Tuesday, October 30, 2012

The Epicurious Cookbook by Tanya Steel and The Editors of Epicurious

Since I am a-bit-of-this and a-bit-of-that kind of cook, I especially appreciate recipes that leave room for improvisation and innovation, which is also why I like websites such as epicurious.com that allow for user comments and ratings. How exciting is it then to find out one of my favorite cooking sites just came out with a book! The Epicurious Cookbook is a book I can carry around the kitchen, scribble notes in, and dog-ear pages of favorite works-every-time recipes. I loved that the recipes are even divided up into seasons making use of what's available and freshest at the grocery store and farmer's market.  My kitchen was a hive of activity recently as hub and I got busy putting together and enjoying some delectable meals.

Here's what we made:

Wild Mushroom Pizza with Caramelized Onions, Fontina, and Rosemary - pg46

This was my favorite! For being such a simple looking pizza, it was incredibly delicious. The recipe is actually for several small pizzas but I made one large one. The wine I used for sautéing the mushrooms was sake. I imagine Pinot Grigio would work well here too, but sake was what we had on hand and lent just as tasty a wine flavour.

Caramelized onions already done and set aside and a pan full of sautéing chopped mushrooms.

The ingredients are assembled and ready to put into a hot oven.

Lunch! Along with the rest of the sake and a most delicious Pear, Arugula and Pancetta Salad pg324

Next we made Grilled Citrus Chicken under a Brick - pg144 only we didn't do a whole butterflied chicken as it says to do but rather boneless chicken breasts, adjusting the cooking time down accordingly. One of the alternatives suggested is to use a cast iron skillet instead of bricks, which we tried with great success! We heated the skillet over the coals first so that when they were placed on top of the chicken they would not only flatten the meat but also help cook it from on top. We also sautéd the marinade so it could glaze the finished chicken (picture) with lovely bits of citrus, herbs and garlic still intact.

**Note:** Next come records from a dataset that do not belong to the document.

(* Let $n$ be a positive integer. Then, as $m\to\infty$ through the positive integers, \[ \sum_{k = 1}^{m} (-1)^{k-1} \binom{m}{k} \frac{1}{k^{n}} = \frac{\log^{n}{m}}{n!} + \frac{\gamma\log^{n-1}{m}}{(n-1)!} + O(\log^{n-2}{m}). \]
   Context: $\gamma$ is the Euler--Mascheroni constant. *)

theory Defs
  imports "HOL-Analysis.Analysis" "HOL-Library.Landau_Symbols"
begin

end

theory Submission
  imports Defs
begin

text \<open>Absorbing one factor \<open>1 / k\<close> into the binomial coefficient gives the Pascal-type
  recursion \<open>A (n+1) (m+1) = A (n+1) m + A n (m+1) / (m+1)\<close> for the alternating sum \<open>A\<close>,
  with \<open>A 0 m = 1\<close> and hence \<open>A 1 m = harm m\<close>. The powers \<open>harm m ^ n / n!\<close> obey the same
  recursion up to the second-order defect of the tangent approximation of \<open>x ^ (n+1)\<close>, which is
  \<open>O(harm m ^ (n-1) / m\<^sup>2)\<close>. Since \<open>\<Sum> 1 / j\<^sup>2\<close> converges, induction on \<open>n\<close> gives
  \<open>A n m = harm m ^ n / n! + O(harm m ^ (n-2))\<close>. Substituting \<open>harm m = ln m + \<gamma> + O(1 / m)\<close>
  and expanding \<open>(ln m + \<gamma>) ^ n\<close> to first order yields the expansion.\<close>

definition alt_binom_sum :: "nat \<Rightarrow> nat \<Rightarrow> real" where
  "alt_binom_sum n m = (\<Sum>k=1..m. (-1) ^ (k - 1) * real (m choose k) / real k ^ n)"

lemma alt_binom_sum_conv_lessThan:
  "alt_binom_sum n m = (\<Sum>i<m. (-1) ^ i * real (m choose Suc i) / real (Suc i) ^ n)"
  unfolding alt_binom_sum_def by (simp add: sum.atLeast1_atMost_eq)

lemma alt_binom_sum_0:
  assumes "m \<ge> 1"
  shows "alt_binom_sum 0 m = 1"
proof -
  have "0 = (\<Sum>i\<le>m. (-1) ^ i * real (m choose i))"
    using choose_alternating_sum[of m] assms by simp
  also have "\<dots> = 1 - (\<Sum>i<m. (-1) ^ i * real (m choose Suc i))"
    by (subst sum.atMost_shift) (simp add: sum_negf)
  finally show ?thesis
    by (simp add: alt_binom_sum_conv_lessThan)
qed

Oh man, this was so delicious. We combined this with the Roasted Cauliflower with Kalamata Olives on pg 364 to which we added a sprinkling of feta cheese, and some plain basmati rice to absorb all the juices and flavours.

Hub made himself this lovely little lunch on page 205, Open-Faced Bacon and Egg Sandwich with Arugula. He added a sprinkle of turmeric to the egg to give it a bit of colour . . . and also just because he likes turmeric.

It too was declared a delectable success.

We made a number of other very tasty recipes including Vegetarian Cassoulet on pg 329, using a combination of lima beans and chick peas; Quinoa with Moroccan Winter Squash and Carrot Stew on pg 330, substituting yams for the carrots; Chicken and Fall Vegetable Pot Pie on pg 249; Thai Chicken Stock on pg 362; And, finally, for dessert the Cinnamon Crumble Apple Pie on pg 287, which we actually just made into an apple crumble omitting the crust altogether on account of our less-than-youthful waistlines . . . One has to make concessions somewhere (!) In spite of that it was one of the most delicious apple crumbles I've ever tasted.

The Epicurious Cookbook is full of clear and straightforward recipes, delicious pictures, and an array of   substitution possibilities. It will have a place on my kitchen bookshelf for a long time to come.


Heidi’sbooks said...

Yummylicious! I love mushrooms! The Vegetarian Cassoulet sounds wonderful too.

Trish said...

I love mushrooms too so this pizza was a no-brainer for me. As for the cassoulet, my 15 year-old son even declared it delicious, which is pretty great considering there is no meat in this dish.

laughingwolf said...

damn, that's how i attack meals!

gotsta git me this'n ;)

i began at ma n pa's elbow, around age 6... no one's died, or even gotten sick from anything i cooked... though son often complained stuff was 'too hot', ie spicy! lol

most often i just see what's available in my fridge/cupboards and shoot from the hip, combining things as they show up, in my sight!

btw, i think it's jamie oliver who sez, NEVER cook steak over high heat, to retain juices, and ALWAYS let the meat rest, at least 3-5 min, depending on thickness

Trish said...

It's the best and most fun way to cook!

Alexis @ Reflections of a Bookaholic said...

I love love cookbooks! I struggle with buying cookbooks based on online sites because I question whether it is simply a compilation of recipes that I can get online. Is that the case here?

Trish said...

When I looked these recipes up online I found them slightly different which makes me think that the ones in the book have been tested and tweaked a few more times for the better, I believe. I also just like and appreciate the portability of a physical book; online cooking sites are fine for quick references, but an actual cookbook is more comfortable and homey.